Rejected, beaten, disfigured, unable to help himself, scorned, the priest and Levite may even have wondered if he was actually alive. All this happening on his journey down from Jerusalem, the place of worship and forgiveness, to Jericho, not only a city most famous for being sacked, but also a place some 3500 feet below Jerusalem. It’s almost a thousand feet below sea level. This man is descending into the earth from the mountaintop. And he is captured, attacked, everything he has is taken away from him.

Who is this man? It is surely Jesus, your neighbor and mine, the one who seems to have nothing to offer, the one who is unloved and who, in his humiliation has nothing to give us.

last, lost, least, lonely

stricken, smitten and afflicted, ‘tis he

How do we love Jesus? How does this foreigner, the one who was at enmity with God, the Samaritan, someone called from afar, like you and like me, love the man of sorrows?

interrupts life
risks time - cares for him and puts him on his animal so the Samaritan has to walk
risks credit - gives him all he needs
risks attack - there are enemies in the area, remember?
loves his neighbor

If this is all the parable says, we leave you short. We have left you with the Law. We’ve already established that we don’t love God well enough and that we don’t love our neighbor as ourself. As we’ve described the neighbor it looks worse and worse. There are three responses we can have.

1) God didn’t really intend that high of a standard. We can decide that really we love God quite well and that we are loving our neighbor as well as he could expect.

Be perfect as I am perfect
Be conformed into the image of Christ
Seek and save the lost
Pray without ceasing

Lord give us repentance of our arrogant attitude that says we keep Your Law! Change our hearts!
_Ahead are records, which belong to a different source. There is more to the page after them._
definition simple_graph :: "'a set \<Rightarrow> 'a set set \<Rightarrow> bool" where
  "simple_graph V E \<longleftrightarrow> finite V \<and>
     (\<forall>e\<in>E. \<exists>u v. e = {u, v} \<and> u \<noteq> v \<and> u \<in> V \<and> v \<in> V)"

definition bipartite :: "'a set \<Rightarrow> 'a set set \<Rightarrow> bool" where
  "bipartite V E \<longleftrightarrow> (\<exists>A B. A \<union> B = V \<and> A \<inter> B = {} \<and>
     (\<forall>e\<in>E. e \<inter> A \<noteq> {} \<and> e \<inter> B \<noteq> {}))"

text \<open>An axis-parallel rectangle [x1,x2] x [y1,y2] with x1 < x2, y1 < y2,
  represented by ((x1,x2),(y1,y2)).\<close>
type_synonym rect = "(real \<times> real) \<times> (real \<times> real)"

definition proper_rect :: "rect \<Rightarrow> bool" where
  "proper_rect r \<longleftrightarrow> fst (fst r) < snd (fst r) \<and> fst (snd r) < snd (snd r)"

definition rect_interior :: "rect \<Rightarrow> (real \<times> real) set" where
  "rect_interior r = {fst (fst r)<..<snd (fst r)} \<times> {fst (snd r)<..<snd (snd r)}"

definition hline :: "real \<Rightarrow> (real \<times> real) set" where
  "hline c = {p. snd p = c}"

definition vline :: "real \<Rightarrow> (real \<times> real) set" where
  "vline c = {p. fst p = c}"

definition rect_visible :: "rect \<Rightarrow> rect \<Rightarrow> bool" where
  "rect_visible r s \<longleftrightarrow>
     (\<exists>c. hline c \<inter> rect_interior r \<noteq> {} \<and> hline c \<inter> rect_interior s \<noteq> {}) \<or>
     (\<exists>c. vline c \<inter> rect_interior r \<noteq> {} \<and> vline c \<inter> rect_interior s \<noteq> {})"

definition TRVG :: "'a set \<Rightarrow> 'a set set \<Rightarrow> bool" where
  "TRVG V E \<longleftrightarrow> simple_graph V E \<and>
     (\<exists>R :: 'a \<Rightarrow> rect.
        (\<forall>v\<in>V. proper_rect (R v)) \<and>
        (\<forall>u\<in>V. \<forall>v\<in>V. u \<noteq> v \<longrightarrow> rect_interior (R u) \<inter> rect_interior (R v) = {}) \<and>
        (\<forall>u\<in>V. \<forall>v\<in>V. u \<noteq> v \<longrightarrow> ({u, v} \<in> E \<longleftrightarrow> rect_visible (R u) (R v))))"

end

theory Submission
  imports Defs
begin

text \<open>Project a rectangle representation onto the two axes. Two rectangles see each other
  exactly when their projections on one of the axes overlap, so the edge set of the graph is
  the union of the edge sets of two interval graphs, and each of these is a subgraph of the
  graph itself, hence triangle-free when the graph is bipartite. A triangle-free interval graph
  is a forest: the neighbours of the interval that ends first all contain points just before
  its right end and so pairwise overlap, hence there is at most one of them, and removing that
  interval inductively bounds the number of edges by the number of vertices minus one. This
  gives the bound \<open>2 (n - 1)\<close>.

  For the lower bound, seven rectangles realise \<open>K\<^sub>4\<^sub>,\<^sub>3\<close>, which has
  \<open>12 = 2 \<cdot> 7 - 2\<close> edges, and every further rectangle is placed so that it sees exactly two
  of them.\<close>

definition intersection_edges :: "'a set \<Rightarrow> ('a \<Rightarrow> 'b set) \<Rightarrow> 'a set set" where
  "intersection_edges V S = {{u, v} | u v. u \<in> V \<and> v \<in> V \<and> u \<noteq> v \<and> S u \<inter> S v \<noteq> {}}"

definition triangle_free :: "'a set set \<Rightarrow> bool" where
  "triangle_free E \<longleftrightarrow> \<not> (\<exists>u v w. {u, v} \<in> E \<and> {v, w} \<in> E \<and> {u, w} \<in> E)"

lemma triangle_free_subset: "triangle_free E \<Longrightarrow> F \<subseteq> E \<Longrightarrow> triangle_free F"
  unfolding triangle_free_def by blast

lemma bipartite_edge_sides:
  assumes "A \<inter> B = {}" "{u, v} \<inter> A \<noteq> {}" "{u, v} \<inter> B \<noteq> {}"
  shows "u \<in> A \<longleftrightarrow> v \<notin> A"
  using assms by blast

lemma bipartite_triangle_free: "bipartite V E \<Longrightarrow> triangle_free E"
  unfolding bipartite_def triangle_free_def by (metis bipartite_edge_sides)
2) God does have that high of a standard. I can’t keep God’s standard. Therefore I despair. There’s no hope at all.

If we confess our sins
Jesus loved us while we were yet sinners
The Father made the Son to become sin for us so we could be the righteousness of God in Christ.
He forgives us each and every sin.

Despair won’t cut it, then. Arrogance and despair are out. We need our third possible response.

3) Jesus, the man of sorrows, the one who suffered and died, did it all for you. He is the only one who has ever loved God perfectly and he is the only one who has ever loved his neighbor as himself. He has done this. He died doing it. And he rose from the dead so that all who believe his promises may have his perfect life.

Trust that Jesus is the savior of the world.
Trust that Jesus is your savior.
Come to him again and again, receiving his forgiveness, which we can never earn ourselves.

The Lord’s table is a time of repentance and restoration. It’s a time when Jesus gives himself in a very concrete way, in true body and blood for you, for your forgiveness. It’s a means of receiving the forgiveness we need. As we prepare for the Lord’s table, may he create in us a clean and new heart, filling us with repentance and pouring out his grace upon us. Jesus has loved you, his neighbor, as he loves himself. He will rescue you.